Managing Your Liferay Server with Blade CLI

You can manage a Liferay server using Blade CLI. Managing a server with Blade CLI should be done in a Liferay Workspace.

Blade CLI has commands for installing, starting, stopping, inspecting, and modifying a Liferay server:

  1. Make sure you’ve created a Liferay Workspace. See the Creating a Liferay Workspace article for more information.

  2. Initialize a Liferay server by running

    blade server init

    This downloads the Liferay DXP bundle set in your workspace’s gradle.propeties file. See the Adding a Liferay Bundle to Workspace article for more information.

    You can initialize a server based on a defined environment by running the following command:

    blade server init --environment [ENVIRONMENT]

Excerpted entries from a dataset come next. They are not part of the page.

lemma through_add_big_period_mult:
  assumes "q \<in> cyclic"
  shows "x + big_period * c \<in> through q \<longleftrightarrow> x \<in> through q"
proof -
  obtain e where "big_period = period q * e"
    using period_dvd_big_period[OF assms] by (rule dvdE)
  then show ?thesis using through_add_period_mult[of x q "e * c"] by (simp add: mult.assoc)
qed

lemma acc_iff_through:
  "threshold \<le> k \<Longrightarrow> k \<in> acc \<longleftrightarrow> (\<exists>q\<in>cyclic. k \<in> through q)"
  using acc_imp_through through_imp_acc by blast

lemma acc_add_big_period_mult:
  assumes "threshold \<le> k"
  shows "k + big_period * m \<in> acc \<longleftrightarrow> k \<in> acc"
proof -
  have "k + big_period * m \<in> acc \<longleftrightarrow> (\<exists>q\<in>cyclic. k + big_period * m \<in> through q)"
    using acc_iff_through assms by simp
  also have "\<dots> \<longleftrightarrow> (\<exists>q\<in>cyclic. k \<in> through q)"
    using through_add_big_period_mult by blast
  finally show ?thesis using acc_iff_through assms by simp
qed

definition future :: "nat \<Rightarrow> nat set" where
  "future x = {j. x + j \<in> acc}"

lemma mem_future_swap: "x \<in> future y \<longleftrightarrow> y \<in> future x"
  by (simp add: future_def add.commute)

lemma future_add:
  assumes "future x = future y"
  shows "future (x + c) = future (y + c)"
proof -
  have "j \<in> future (z + c) \<longleftrightarrow> c + j \<in> future z" for z j
    by (simp add: future_def add.assoc)
  then show ?thesis using assms by blast
qed

lemma future_add_big_period_mult:
  assumes "threshold \<le> x"
  shows "future (x + big_period * m) = future x"
proof -
  have "x + big_period * m + j \<in> acc \<longleftrightarrow> x + j \<in> acc" for j
    using acc_add_big_period_mult[of "x + j" m] assms by (simp add: ac_simps)
  then show ?thesis unfolding future_def by blast
qed

lemma finite_range_future: "finite (range future)"
proof -
  have "future x \<in> future ` {..<threshold + big_period}" for x
  proof (cases "x < threshold")
    case False
    define r where "r = (x - threshold) mod big_period"
    have "x = (threshold + r) + big_period * ((x - threshold) div big_period)"
      using False unfolding r_def by simp
    then have "future x = future ((threshold + r) + big_period * ((x - threshold) div big_period))"
      by (rule arg_cong)
    also have "\<dots> = future (threshold + r)"
      by (rule future_add_big_period_mult) simp
    finally have "future x = future (threshold + r)" .
    moreover have "threshold + r < threshold + big_period"
      unfolding r_def using big_period_pos by simp
    ultimately show ?thesis by (intro rev_image_eqI[of "threshold + r"]) simp_all
  qed simp
  then have "range future \<subseteq> future ` {..<threshold + big_period}" by blast
  then show ?thesis by (rule finite_subset) simp
qed

lemma threshold_le_shift: "threshold \<le> x + threshold * big_period"
proof -
  have "threshold \<le> threshold * big_period"
    using big_period_pos by (simp add: Suc_le_eq)
  then show ?thesis by linarith
qed

text \<open>The periodic set through q is in general not saturated by the Myhill-Nerode relation
  (equality of futures); cycle_acc q is its saturation. The shift by threshold * big_period
  moves every argument beyond the threshold, where future is big_period-periodic.\<close>
definition cycle_acc :: "nat \<Rightarrow> nat set" where
  "cycle_acc q = {k. \<exists>k'\<ge>threshold. k' \<in> through q
     \<and> future (k + threshold * big_period) = future k'}"

lemma cycle_acc_future_cong: "future x = future y \<Longrightarrow> x \<in> cycle_acc q \<longleftrightarrow> y \<in> cycle_acc q"
  unfolding cycle_acc_def using future_add[of x y "threshold * big_period"] by simp

lemma cycle_acc_add_period:
  assumes q: "q \<in> cyclic"
  shows "x + period q \<in> cycle_acc q \<longleftrightarrow> x \<in> cycle_acc q"
proof
  assume "x \<in> cycle_acc q"
  then obtain k' where k': "threshold \<le> k'" "k' \<in> through q"
      "future (x + threshold * big_period) = future k'"
    unfolding cycle_acc_def by blast
  have "future (x + period q + threshold * big_period) = future (k' + period q)"
    using future_add[OF k'(3), of "period q"] by (simp add: algebra_simps)
  moreover have "k' + period q \<in> through q" using through_add_period_mult[of k' q 1] k'(2) by simp
  ultimately show "x + period q \<in> cycle_acc q"
    unfolding cycle_acc_def using k'(1) by (intro CollectI exI[of _ "k' + period q"]) auto
next
  assume "x + period q \<in> cycle_acc q"
  then obtain k' where k': "threshold \<le> k'" "k' \<in> through q"
      "future (x + period q + threshold * big_period) = future k'"
    unfolding cycle_acc_def by blast
  obtain e where e: "big_period = period q * e"
    using period_dvd_big_period[OF q] by (rule dvdE)
  define c where "c = big_period - period q"
  have "period q \<le> big_period"
    using period_dvd_big_period[OF q] big_period_pos by (simp add: dvd_imp_le)
  have "future (x + threshold * big_period)
      = future (x + threshold * big_period + big_period * 1)"
    by (rule future_add_big_period_mult[OF threshold_le_shift, symmetric])
  also have "x + threshold * big_period + big_period * 1 = x + period q + threshold * big_period + c"
    unfolding c_def using \<open>period q \<le> big_period\<close> by simp
  also have "future \<dots> = future (k' + c)"
    by (rule future_add[OF k'(3)])
  finally have "future (x + threshold * big_period) = future (k' + c)" .
  moreover have "k' + c \<in> through q"
    using through_add_period_mult[of k' q "e - 1"] k'(2)
    unfolding c_def e by (simp add: right_diff_distrib')
  ultimately show "x \<in> cycle_acc q"
    unfolding cycle_acc_def using k'(1) by (intro CollectI exI[of _ "k' + c"]) auto
qed

lemma cycle_acc_mod:
  assumes "q \<in> cyclic"
  shows "x \<in> cycle_acc q \<longleftrightarrow> x mod period q \<in> cycle_acc q"
proof -
  have "y + m * period q \<in> cycle_acc q \<longleftrightarrow> y \<in> cycle_acc q" for y m
  proof (induction m)
    case (Suc m)
    have "y + Suc m * period q = (y + m * period q) + period q" by simp
    then show ?case using cycle_acc_add_period[OF assms] Suc.IH by metis
  qed simp
  from this[of "x mod period q" "x div period q"] show ?thesis by (simp only: mod_div_mult_eq)
qed

lemma acc_iff_cycle_acc:
  assumes "threshold \<le> k"
  shows "k \<in> acc \<longleftrightarrow> (\<exists>q\<in>cyclic. k \<in> cycle_acc q)"
proof
  assume "k \<in> acc"
  then obtain q where q: "q \<in> cyclic" "k \<in> through q" using acc_imp_through assms by blast
  then have "k + threshold * big_period \<in> through q"
    using through_add_big_period_mult[of q k threshold] by (simp add: mult.commute)
  then have "k \<in> cycle_acc q"
    unfolding cycle_acc_def using assms
    by (intro CollectI exI[of _ "k + threshold * big_period"]) (simp add: threshold_le_shift)
  then show "\<exists>q\<in>cyclic. k \<in> cycle_acc q" using q(1) by blast
next
  assume "\<exists>q\<in>cyclic. k \<in> cycle_acc q"
  then obtain q k' where q: "q \<in> cyclic" "threshold \<le> k'" "k' \<in> through q"
      "future (k + threshold * big_period) = future k'"
    unfolding cycle_acc_def by blast
  then have "0 \<in> future (k + threshold * big_period)"
    using through_imp_acc by (simp add: future_def)
  then show "k \<in> acc"
    using acc_add_big_period_mult[OF assms, of threshold] by (simp add: future_def mult.commute)
qed

text \<open>Chrobak normal form: the tail 0, ..., threshold - 1 branches into one cycle of length
  period q per cyclic state q, whose states are cyc_state q r for r < period q.\<close>
definition cyc_state :: "nat \<Rightarrow> nat \<Rightarrow> nat" where
  "cyc_state q r = threshold + q * Suc (card Q) + r"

    For example, you could pass in the uat variable to generate a bundle with the configs set in the configs/uat workspace folder.

  3. Start your Liferay server (Tomcat or Wildfly/JBoss) by running

    blade server start

    This starts the server in the background. You can tail the logs by adding the -t flag. If you prefer starting the server in the foreground, run blade server run. Additionally, if you prefer starting the server in debug mode, add the -d flag. See the Blade CLI article for additional flags you can set when starting your Liferay server.

  4. Examine your server’s OSGi container by using Blade CLI’s sh command, which provides access to your server using the Felix Gogo shell. For example, to check if you successfully deployed your application from the previous section, you could run:

    blade sh lb

    Your output lists a long list of modules that are active/installed in your server’s OSGi container.

    Figure 1: Blade CLI accesses the Gogo shell script to run the lb command.

    Figure 1: Blade CLI accesses the Gogo shell script to run the `lb` command.

    You can run any Gogo command using blade sh. This command requires Developer Mode to be enabled. Developer Mode is enabled in workspace by default. See the Using the Felix Gogo Shell section for more information on this tool.

  5. Once you’re finished modifying your Liferay bundle, you can package it as a sharable file by running this command:

    blade gw distBundle[Zip|Tar]

    This lets you create a ZIP or TAR file to share with others. This option is only available with Gradle at this time. The above command leverages Blade CLI’s gw option, which executes the project’s Gradle wrapper.

  6. Turn off your Liferay server:

    blade server stop

To reference all of Blade CLI’s available options, see the Blade CLI article.

Awesome! You learned how to interact with Liferay DXP using Blade CLI.